Let's populate numbers.txt
with some numbers again, ready for our next attempt:
>>> xs <- replicateM 10000 (randomRIO (1,1000)) :: IO [Int]
>>> writeFile "numbers.txt" (unlines $ map show xs)
In our next attempt, we read the file completely before closing it. To do so, we
use hGetContents'
, the eager version of hGetContents
:
import System.IO
main :: IO ()
main = do
h <- openFile "numbers.txt" ReadMode
xs <- map read . lines <$> hGetContents' h
let total = sum xs
hClose h
-- Below this line is where we expectd "numbers.txt" to be closed.
h' <- openFile "numbers.txt" WriteMode
print total
>>> :r
[1 of 1] Compiling Main ( SumFile.hs, interpreted )
Ok, one module loaded.
>>> main
4976033
Haha, success. We get the sum and the file is closed correctly, which is confirmed by the successful execution of the line
h' <- openFile "numbers.txt" WriteMode
Once again, you can check that the file numbers.txt
is now empty, as a
result of this line.
In fact, the hClose h
wasn't even necessary now because hGetContents' h
eagerly reads the whole contents of the file and immediately closes the file
once it has done so. You can check that the following version of SumFile.hs
works:
import System.IO
main :: IO ()
main = do
h <- openFile "numbers.txt" ReadMode
xs <- map read . lines <$> hGetContents' h
let total = sum xs
-- Deleted: hClose h
-- Below this line is where we expectd "numbers.txt" to be closed.

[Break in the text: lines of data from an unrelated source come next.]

(* There exists a pair of SBP operators $D_+, D_-$ (in the sense defined in the context) which is nullspace consistent but does not have the eigenvalue property. That is, there exist $n$, an interval $[a,b]$, and data $D_+, D_-, H, S, \mathbf{p}_0, \mathbf{p}_n, \mathbf{x}$ satisfying conditions (A)–(E) for some order $q\ge 1$, such that $\ker D_+ = \operatorname{span}\{\mathbf{1}\}$, but the matrix $\tilde D_+ = D_+ + H^{-1}\mathbf{p}_0\mathbf{p}_0^\top$ has an eigenvalue with non-positive real part.
   Context: Let $[a,b]$ be an interval with $b>a$ and $n\ge 1$. For $\mathbf{x}\in\mathbb{R}^{n+1}$, $\mathbf{x}^j$ denotes elementwise exponentiation, with $\mathbf{x}^0=\mathbf{1}=(1,\dots,1)^\top$. Matrices $D_+, D_-\in\mathbb{R}^{(n+1)\times(n+1)}$ form a pair of SBP (summation-by-parts) operators of order $q\ge 1$ on $[a,b]$ if there exist matrices $H,S\in\mathbb{R}^{(n+1)\times(n+1)}$ and vectors $\mathbf{p}_0,\mathbf{p}_n,\mathbf{x}\in\mathbb{R}^{n+1}$ such that: (A) $D_\pm \mathbf{x}^j = j\mathbf{x}^{j-1}$, $\mathbf{p}_0^\top\mathbf{x}^j = a^j$, $\mathbf{p}_n^\top \mathbf{x}^j = b^j$ for $j=0,\dots,q$ (with $0\cdot\mathbf{x}^{-1}:=\mathbf{0}$); (B) $H=H^\top$ is positive definite; (C) $HD_+ + D_+^\top H = -\mathbf{p}_0\mathbf{p}_0^\top + \mathbf{p}_n\mathbf{p}_n^\top + S$ with $S=S^\top$ positive semidefinite; (D) $HD_+ + D_-^\top H = -\mathbf{p}_0\mathbf{p}_0^\top + \mathbf{p}_n\mathbf{p}_n^\top$; (E) $\mathbf{x}=(x_0,\dots,x_n)^\top$ with $x_i\ne x_j$ for $i\ne j$. The SBP operator is called nullspace consistent if $\ker D_+=\operatorname{span}\{\mathbf{1}\}$. Set $\tilde D_+ := D_+ + H^{-1}\mathbf{p}_0\mathbf{p}_0^\top$. The SBP operator has the eigenvalue property if every eigenvalue of $\tilde D_+$ has strictly positive real part. *)

theory Defs
  imports "Jordan_Normal_Form.Matrix" "Jordan_Normal_Form.Char_Poly" "Jordan_Normal_Form.Matrix_Kernel"
begin

definition vpow :: "real vec \<Rightarrow> nat \<Rightarrow> real vec" where
  "vpow x j = vec (dim_vec x) (\<lambda>i. (x $ i) ^ j)"

definition outer :: "real vec \<Rightarrow> real vec \<Rightarrow> real mat" where
  "outer p r = mat (dim_vec p) (dim_vec r) (\<lambda>(i,j). p $ i * r $ j)"

definition pos_def_mat :: "real mat \<Rightarrow> bool" where
  "pos_def_mat A \<longleftrightarrow> A \<in> carrier_mat (dim_row A) (dim_row A) \<and> A\<^sup>T = A \<and>
     (\<forall>v \<in> carrier_vec (dim_row A). v \<noteq> 0\<^sub>v (dim_row A) \<longrightarrow> v \<bullet> (A *\<^sub>v v) > 0)"

definition pos_semidef_mat :: "real mat \<Rightarrow> bool" where
  "pos_semidef_mat A \<longleftrightarrow> A \<in> carrier_mat (dim_row A) (dim_row A) \<and> A\<^sup>T = A \<and>
     (\<forall>v \<in> carrier_vec (dim_row A). v \<bullet> (A *\<^sub>v v) \<ge> 0)"

definition SBP_pair ::
  "nat \<Rightarrow> nat \<Rightarrow> real \<Rightarrow> real \<Rightarrow> real mat \<Rightarrow> real mat \<Rightarrow> real mat \<Rightarrow> real mat
     \<Rightarrow> real vec \<Rightarrow> real vec \<Rightarrow> real vec \<Rightarrow> bool" where
  "SBP_pair n q a b Dp Dm H S p0 pn x \<longleftrightarrow>
     (let N = n + 1 in
      Dp \<in> carrier_mat N N \<and> Dm \<in> carrier_mat N N \<and> H \<in> carrier_mat N N \<and> S \<in> carrier_mat N N \<and>
      p0 \<in> carrier_vec N \<and> pn \<in> carrier_vec N \<and> x \<in> carrier_vec N \<and>
      \<comment> \<open>(A)\<close>
      (\<forall>j \<le> q. Dp *\<^sub>v vpow x j = (if j = 0 then 0\<^sub>v N else of_nat j \<cdot>\<^sub>v vpow x (j - 1)) \<and>
                Dm *\<^sub>v vpow x j = (if j = 0 then 0\<^sub>v N else of_nat j \<cdot>\<^sub>v vpow x (j - 1)) \<and>
                p0 \<bullet> vpow x j = a ^ j \<and> pn \<bullet> vpow x j = b ^ j) \<and>
      \<comment> \<open>(B)\<close>
      pos_def_mat H \<and>
      \<comment> \<open>(C)\<close>
      H * Dp + Dp\<^sup>T * H = - outer p0 p0 + outer pn pn + S \<and> pos_semidef_mat S \<and>
      \<comment> \<open>(D)\<close>
      H * Dp + Dm\<^sup>T * H = - outer p0 p0 + outer pn pn \<and>
      \<comment> \<open>(E)\<close>
      (\<forall>i < N. \<forall>j < N. i \<noteq> j \<longrightarrow> x $ i \<noteq> x $ j))"

definition nullspace_consistent :: "real mat \<Rightarrow> bool" where
  "nullspace_consistent Dp \<longleftrightarrow>
     mat_kernel Dp = {c \<cdot>\<^sub>v vec (dim_col Dp) (\<lambda>_. 1) | c. True}"

definition eigenvalue_property :: "real mat \<Rightarrow> real mat \<Rightarrow> real vec \<Rightarrow> bool" where
  "eigenvalue_property Dp H p0 \<longleftrightarrow>
     (\<forall>Hinv. inverts_mat H Hinv \<and> inverts_mat Hinv H \<longrightarrow>
        (\<forall>ev. eigenvalue (map_mat complex_of_real (Dp + Hinv * outer p0 p0)) ev \<longrightarrow> Re ev > 0))"

end

theory Submission imports Defs begin

text \<open>
  On the nodes x = (0,1,2,3) of [0,3] take the first-order operator D with D_- = D_+ = D and
  S = 0, together with a non-diagonal norm H for which H D + D^T H = -e_0 e_0^T + e_3 e_3^T.
  Its kernel consists of the constants only, yet D + H^-1 e_0 e_0^T has the purely imaginary
  eigenvalue i, with eigenvector (0, 5, 1 + 3i, 0). Positive definiteness of H is witnessed
  by a sum-of-squares decomposition of its quadratic form.
\<close>

lemma pos_semidef_mat_zero: "pos_semidef_mat (0\<^sub>m n n)"
  unfolding pos_semidef_mat_def by (auto simp: mult_mat_vec_def scalar_prod_def)

lemma SBP_pair_nondissipative:
  assumes carrier: "D \<in> carrier_mat (n+1) (n+1)" "H \<in> carrier_mat (n+1) (n+1)"
    "p0 \<in> carrier_vec (n+1)" "pn \<in> carrier_vec (n+1)" "x \<in> carrier_vec (n+1)"
    and "\<forall>j \<le> q. D *\<^sub>v vpow x j = (if j = 0 then 0\<^sub>v (n+1) else of_nat j \<cdot>\<^sub>v vpow x (j - 1)) \<and>
                p0 \<bullet> vpow x j = a ^ j \<and> pn \<bullet> vpow x j = b ^ j"
    and "pos_def_mat H"
    and boundary: "H * D + D\<^sup>T * H = - outer p0 p0 + outer pn pn"
    and "\<forall>i < n+1. \<forall>j < n+1. i \<noteq> j \<longrightarrow> x $ i \<noteq> x $ j"
  shows "SBP_pair n q a b D D H (0\<^sub>m (n+1) (n+1)) p0 pn x"
proof -
  have "outer pn pn \<in> carrier_mat (n+1) (n+1)"
    using carrier by (simp add: outer_def)
  then have "H * D + D\<^sup>T * H = - outer p0 p0 + outer pn pn + 0\<^sub>m (n+1) (n+1)"
    using boundary carrier by (simp add: outer_def)
  then show ?thesis
    using assms pos_semidef_mat_zero unfolding SBP_pair_def Let_def by auto
qed

lemma not_eigenvalue_property_if_eigenvalue:
  assumes "inverts_mat H Hinv" "inverts_mat Hinv H"
    and "eigenvalue (map_mat complex_of_real (D + Hinv * outer p0 p0)) ev" "Re ev \<le> 0"
  shows "\<not> eigenvalue_property D H p0"
  using assms unfolding eigenvalue_property_def by force

lemma weighted_sum_of_squares_pos:
  fixes s t u w :: real
  assumes "0 < \<alpha>" "0 < \<beta>" "0 < \<gamma>" "0 < \<delta>" "s \<noteq> 0 \<or> t \<noteq> 0 \<or> u \<noteq> 0 \<or> w \<noteq> 0"
  shows "0 < \<alpha> * s\<^sup>2 + \<beta> * t\<^sup>2 + \<gamma> * u\<^sup>2 + \<delta> * w\<^sup>2"
proof -
  have "0 \<le> \<alpha> * s\<^sup>2" "0 \<le> \<beta> * t\<^sup>2" "0 \<le> \<gamma> * u\<^sup>2" "0 \<le> \<delta> * w\<^sup>2"
    using assms(1-4) by simp_all
  moreover have "0 < \<alpha> * s\<^sup>2 \<or> 0 < \<beta> * t\<^sup>2 \<or> 0 < \<gamma> * u\<^sup>2 \<or> 0 < \<delta> * w\<^sup>2"
    using assms by auto
  ultimately show ?thesis
    by linarith
qed

lemma sum_atLeast0_lessThan_4: "(\<Sum>i\<in>{0..<4::nat}. f i) = f 0 + f 1 + f 2 + f 3"
  by (simp add: numeral_eq_Suc atLeast0_lessThan_Suc add.commute add.left_commute)

lemma less_4_cases: "i < (4::nat) \<Longrightarrow> i = 0 \<or> i = 1 \<or> i = 2 \<or> i = 3"
  by auto

lemmas entry_simps = scalar_prod_def sum_atLeast0_lessThan_4 row_def col_def

definition H_ex :: "real mat" where
  "H_ex = mat 4 4 (\<lambda>(i,j). [[7/2,-1,-1,0], [-1,2,-1,0], [-1,-1,5,-3], [0,0,-3,9/2]] ! i ! j)"

definition H_ex_inv :: "real mat" where
  "H_ex_inv = mat 4 4 (\<lambda>(i,j). [[10/21,8/21,6/21,4/21], [8/21,19/21,9/21,6/21],
                                [6/21,9/21,12/21,8/21], [4/21,6/21,8/21,10/21]] ! i ! j)"

definition D_ex :: "real mat" where
  "D_ex = mat 4 4 (\<lambda>(i,j). [[-1/3,0,0,1/3], [-2/3,-1/3,5/3,-2/3], [0,-2/3,1/3,1/3], [-1/3,0,0,1/3]] ! i ! j)"

definition e_first :: "real vec" where "e_first = vec 4 (\<lambda>i. [1,0,0,0] ! i)"

definition e_last :: "real vec" where "e_last = vec 4 (\<lambda>i. [0,0,0,1] ! i)"

definition nodes :: "real vec" where "nodes = vec 4 (\<lambda>i. [0,1,2,3] ! i)"

lemma H_ex_inverts: "inverts_mat H_ex H_ex_inv" "inverts_mat H_ex_inv H_ex"
  unfolding inverts_mat_def
  by (rule eq_matI; auto simp: H_ex_def H_ex_inv_def entry_simps dest!: less_4_cases)+

lemma H_ex_quadratic_form:
  assumes "dim_vec v = 4"
  shows "v \<bullet> (H_ex *\<^sub>v v) = 9/2 * (v$3 - 2/3 * v$2)\<^sup>2 + 3 * (v$2 - (v$0 + v$1)/3)\<^sup>2
                              + 5/3 * (v$1 - 4/5 * v$0)\<^sup>2 + 21/10 * (v$0)\<^sup>2"
  using assms by (simp add: H_ex_def entry_simps power2_eq_square field_simps)

lemma pos_def_H_ex: "pos_def_mat H_ex"
  unfolding pos_def_mat_def
proof (intro conjI ballI impI)
  show "H_ex \<in> carrier_mat (dim_row H_ex) (dim_row H_ex)" "H_ex\<^sup>T = H_ex"
    by (auto intro!: eq_matI simp: H_ex_def dest!: less_4_cases)
  fix v :: "real vec"
  assume "v \<in> carrier_vec (dim_row H_ex)" "v \<noteq> 0\<^sub>v (dim_row H_ex)"
  then have dim: "dim_vec v = 4" and "v \<noteq> 0\<^sub>v 4"
    by (auto simp: H_ex_def)
  then obtain i where "i < 4" "v $ i \<noteq> 0"
    using eq_vecI[of v "0\<^sub>v 4"] by auto
  then have "v$3 - 2/3 * v$2 \<noteq> 0 \<or> v$2 - (v$0 + v$1)/3 \<noteq> 0 \<or> v$1 - 4/5 * v$0 \<noteq> 0 \<or> v$0 \<noteq> 0"
    by (auto dest!: less_4_cases)
  then show "v \<bullet> (H_ex *\<^sub>v v) > 0"
    unfolding H_ex_quadratic_form[OF dim] by (intro weighted_sum_of_squares_pos) simp_all
qed

lemma D_ex_boundary: "H_ex * D_ex + D_ex\<^sup>T * H_ex = - outer e_first e_first + outer e_last e_last"
  by (rule eq_matI) (auto simp: H_ex_def D_ex_def e_first_def e_last_def outer_def entry_simps
                          dest!: less_4_cases)

lemma vpow_nodes: "vpow nodes 0 = vec 4 (\<lambda>_. 1)" "vpow nodes 1 = nodes"
  by (auto intro!: eq_vecI simp: vpow_def nodes_def)

lemma D_ex_exact_order_1:
  "\<forall>j \<le> 1. D_ex *\<^sub>v vpow nodes j = (if j = 0 then 0\<^sub>v 4 else of_nat j \<cdot>\<^sub>v vpow nodes (j - 1)) \<and>
           e_first \<bullet> vpow nodes j = 0 ^ j \<and> e_last \<bullet> vpow nodes j = 3 ^ j"
proof -
  have "D_ex *\<^sub>v vpow nodes 0 = 0\<^sub>v 4" "D_ex *\<^sub>v vpow nodes 1 = vpow nodes 0"
    unfolding vpow_nodes
    by (auto intro!: eq_vecI simp: D_ex_def nodes_def entry_simps dest!: less_4_cases)
  moreover have "e_first \<bullet> vpow nodes 0 = 1" "e_last \<bullet> vpow nodes 0 = 1"
    "e_first \<bullet> vpow nodes 1 = 0" "e_last \<bullet> vpow nodes 1 = 3"
    unfolding vpow_nodes by (auto simp: e_first_def e_last_def nodes_def entry_simps)
  ultimately show ?thesis
    by (auto simp: le_Suc_eq)
qed

lemma nodes_distinct: "\<forall>i < 4. \<forall>j < 4. i \<noteq> j \<longrightarrow> nodes $ i \<noteq> nodes $ j"
  by (auto simp: nodes_def dest!: less_4_cases)

lemma D_ex_nullspace_consistent: "nullspace_consistent D_ex"
  unfolding nullspace_consistent_def
proof (intro equalityI subsetI)
  fix v :: "real vec"
  assume "v \<in> mat_kernel D_ex"
  then have dim: "dim_vec v = 4" and Dv: "D_ex *\<^sub>v v = 0\<^sub>v 4"
    by (auto simp: mat_kernel_def D_ex_def)
  have "(D_ex *\<^sub>v v)$0 = -1/3 * v$0 + 1/3 * v$3"
    "(D_ex *\<^sub>v v)$1 = -2/3 * v$0 - 1/3 * v$1 + 5/3 * v$2 - 2/3 * v$3"
    "(D_ex *\<^sub>v v)$2 = -2/3 * v$1 + 1/3 * v$2 + 1/3 * v$3"
    by (simp_all add: D_ex_def entry_simps dim)
  then have "v$1 = v$0" "v$2 = v$0" "v$3 = v$0"
    using Dv by (auto dest: arg_cong[where f = "\<lambda>w. w $ _"])
  then have "v = v$0 \<cdot>\<^sub>v vec (dim_col D_ex) (\<lambda>_. 1)"
    by (intro eq_vecI) (auto simp: D_ex_def dim dest!: less_4_cases)
  then show "v \<in> {c \<cdot>\<^sub>v vec (dim_col D_ex) (\<lambda>_. 1) | c. True}"
    by blast
next
  fix v :: "real vec"
  assume "v \<in> {c \<cdot>\<^sub>v vec (dim_col D_ex) (\<lambda>_. 1) | c. True}"
  then obtain c where v: "v = c \<cdot>\<^sub>v vec 4 (\<lambda>_. 1)"
    by (auto simp: D_ex_def)
  have "D_ex *\<^sub>v v = 0\<^sub>v 4"
    unfolding v by (auto intro!: eq_vecI simp: D_ex_def entry_simps dest!: less_4_cases)
  then show "v \<in> mat_kernel D_ex"
    by (auto simp: mat_kernel_def D_ex_def v)
qed

lemma D_ex_penalized_eigenvalue_i:
  "eigenvalue (map_mat complex_of_real (D_ex + H_ex_inv * outer e_first e_first)) \<i>"
proof -
  define w :: "complex vec" where "w = vec 4 (\<lambda>i. [0, 5, 1 + 3 * \<i>, 0] ! i)"
  have "w $ 1 \<noteq> 0"
    by (simp add: w_def)
  then have "w \<noteq> 0\<^sub>v 4"
    by auto
  moreover have "map_mat complex_of_real (D_ex + H_ex_inv * outer e_first e_first) *\<^sub>v w = \<i> \<cdot>\<^sub>v w"
    by (rule eq_vecI) (auto simp: D_ex_def H_ex_inv_def outer_def e_first_def w_def entry_simps
                            complex_eq_iff dest!: less_4_cases)
  ultimately show ?thesis
    unfolding eigenvalue_def eigenvector_def
    by (intro exI[of _ w]) (simp add: w_def D_ex_def H_ex_inv_def)
qed

theorem theorem1:
  shows "\<exists>(n::nat) (q::nat) (a::real) (b::real) Dp Dm H S p0 pn x.
           n \<ge> 1 \<and> q \<ge> 1 \<and> b > a \<and>
           SBP_pair n q a b Dp Dm H S p0 pn x \<and>
           nullspace_consistent Dp \<and>
           \<not> eigenvalue_property Dp H p0"
proof -
  have "SBP_pair 3 1 0 3 D_ex D_ex H_ex (0\<^sub>m 4 4) e_first e_last nodes"
    using SBP_pair_nondissipative[of D_ex 3 H_ex e_first e_last nodes 1 0 3]
      D_ex_exact_order_1 pos_def_H_ex D_ex_boundary nodes_distinct
    by (simp add: D_ex_def H_ex_def e_first_def e_last_def nodes_def del: vpow_def)
  moreover have "\<not> eigenvalue_property D_ex H_ex e_first"
    using not_eigenvalue_property_if_eigenvalue[OF H_ex_inverts D_ex_penalized_eigenvalue_i]
    by simp
  moreover have "(1::nat) \<le> 3" "(0::real) < 3"
    by simp_all
  ultimately show ?thesis
    using D_ex_nullspace_consistent by blast
qed

end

h' <- openFile "numbers.txt" WriteMode
print total
>>> xs <- replicateM 10000 (randomRIO (1,1000)) :: IO [Int]
>>> writeFile "numbers.txt" (unlines $ map show xs)
>>> :r
[1 of 1] Compiling Main ( SumFile.hs, interpreted )
Ok, one module loaded.
>>> main
4971670
But now we have the problem that eagerly reading a file creates: We load the
whole file into memory before processing it. The problem we're trying to solve
does not require this. We are perfectly happy with reading the file lazily as
long as we finish reading it before trying to open it for writing. The trick is
to force total
to be evaluated before we try to open numbers.txt
for
writing. Currently, total
is evaluated only after we do this, because
print total
is the last line in our program.
If we swap the last two lines,
import Control.Monad
import System.IO
main :: IO ()
main = do
h <- openFile "numbers.txt" ReadMode
xs <- map read . lines <$> hGetContents h
let total = sum xs
-- Below this line is where we expectd "numbers.txt" to be closed.
print total
void $ openFile "numbers.txt" WriteMode
then everything works as expected:
>>> xs <- replicateM 10000 (randomRIO (1,1000)) :: IO [Int]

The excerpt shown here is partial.